Whenever a line below includes the string "every", show it.

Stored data
·····

(* For every state $x$ and every round $k\ge 0$, \[ \mathbb{E}\big[\Psi_0(X^k)-\Psi_0(X^{k+1}) \,\big|\, X^k=x\big] \;\ge\; \sum_{\{i,j\}\in E} \frac{\left(1-\frac{2}{\alpha}\right)(\ell_i(x)-\ell_j(x))^2}{\alpha\, d_{ij}\left(\frac{1}{s_i}+\frac{1}{s_j}\right)} \;-\; \frac{n}{\alpha}. \]
   Context: $G=(V,E)$ is an undirected graph on $n$ vertices (processors); $\deg(i)$ is the degree and $d_{ij}=\max\{\deg(i),\deg(j)\}$. Processor $i$ has speed $s_i>0$, scaled so the smallest speed is $1$; $s_{\max}=\max_i s_i$, $\mathcal{S}=\sum_i s_i$. There are $m$ unit tasks; in state $x$, $w_i(x)$ is the number of tasks on $i$ and $\ell_i(x)=w_i(x)/s_i$. $\Psi_0(x)=\sum_i (w_i(x)-m s_i/\mathcal{S})^2/s_i$. Protocol with $\alpha=4s_{\max}$: in each round every task, independently, with $i$ its current processor, chooses a uniformly random neighbor $j$; if $\ell_i-\ell_j>1/s_j$ it moves to $j$ with probability $\frac{\deg(i)}{d_{ij}}\cdot\frac{\ell_i-\ell_j}{\alpha(1/s_i+1/s_j)w_i}$, otherwise stays. $X^k$ denotes the state after $k$ rounds. The sum is over undirected edges, each counted once. *)

theory Defs
  imports "HOL-Probability.Probability"
begin

text \<open>Graph: vertex set V (finite), symmetric irreflexive edge relation E on V.
  A state is an assignment of the m unit tasks (indexed 0..<m) to processors.\<close>

definition nbrs :: "'v set \<Rightarrow> ('v \<Rightarrow> 'v \<Rightarrow> bool) \<Rightarrow> 'v \<Rightarrow> 'v set" where
  "nbrs V E i = {j \<in> V. E i j}"

definition deg :: "'v set \<Rightarrow> ('v \<Rightarrow> 'v \<Rightarrow> bool) \<Rightarrow> 'v \<Rightarrow> nat" where
  "deg V E i = card (nbrs V E i)"

definition dmax :: "'v set \<Rightarrow> ('v \<Rightarrow> 'v \<Rightarrow> bool) \<Rightarrow> 'v \<Rightarrow> 'v \<Rightarrow> nat" where
  "dmax V E i j = max (deg V E i) (deg V E j)"

definition smax :: "'v set \<Rightarrow> ('v \<Rightarrow> real) \<Rightarrow> real" where
  "smax V s = Max (s ` V)"

definition alpha :: "'v set \<Rightarrow> ('v \<Rightarrow> real) \<Rightarrow> real" where
  "alpha V s = 4 * smax V s"

definition Ssum :: "'v set \<Rightarrow> ('v \<Rightarrow> real) \<Rightarrow> real" where
  "Ssum V s = (\<Sum>i\<in>V. s i)"

definition wload :: "nat \<Rightarrow> (nat \<Rightarrow> 'v) \<Rightarrow> 'v \<Rightarrow> nat" where
  "wload m x i = card {t. t < m \<and> x t = i}"

definition lload :: "('v \<Rightarrow> real) \<Rightarrow> nat \<Rightarrow> (nat \<Rightarrow> 'v) \<Rightarrow> 'v \<Rightarrow> real" where
  "lload s m x i = real (wload m x i) / s i"

definition Psi0 :: "'v set \<Rightarrow> ('v \<Rightarrow> real) \<Rightarrow> nat \<Rightarrow> (nat \<Rightarrow> 'v) \<Rightarrow> real" where
  "Psi0 V s m x = (\<Sum>i\<in>V. (real (wload m x i) - real m * s i / Ssum V s)\<^sup>2 / s i)"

·····

### RESPONSE AREA
(* For every state $x$ and every round $k\ge 0$, \[ \mathbb{E}\big[\Psi_0(X^k)-\Psi_0(X^{k+1}) \,\big|\, X^k=x\big] \;\ge\; \sum_{\{i,j\}\in E} \frac{\left(1-\frac{2}{\alpha}\right)(\ell_i(x)-\ell_j(x))^2}{\alpha\, d_{ij}\left(\frac{1}{s_i}+\frac{1}{s_j}\right)} \;-\; \frac{n}{\alpha}. \]
   Context: $G=(V,E)$ is an undirected graph on $n$ vertices (processors); $\deg(i)$ is the degree and $d_{ij}=\max\{\deg(i),\deg(j)\}$. Processor $i$ has speed $s_i>0$, scaled so the smallest speed is $1$; $s_{\max}=\max_i s_i$, $\mathcal{S}=\sum_i s_i$. There are $m$ unit tasks; in state $x$, $w_i(x)$ is the number of tasks on $i$ and $\ell_i(x)=w_i(x)/s_i$. $\Psi_0(x)=\sum_i (w_i(x)-m s_i/\mathcal{S})^2/s_i$. Protocol with $\alpha=4s_{\max}$: in each round every task, independently, with $i$ its current processor, chooses a uniformly random neighbor $j$; if $\ell_i-\ell_j>1/s_j$ it moves to $j$ with probability $\frac{\deg(i)}{d_{ij}}\cdot\frac{\ell_i-\ell_j}{\alpha(1/s_i+1/s_j)w_i}$, otherwise stays. $X^k$ denotes the state after $k$ rounds. The sum is over undirected edges, each counted once. *)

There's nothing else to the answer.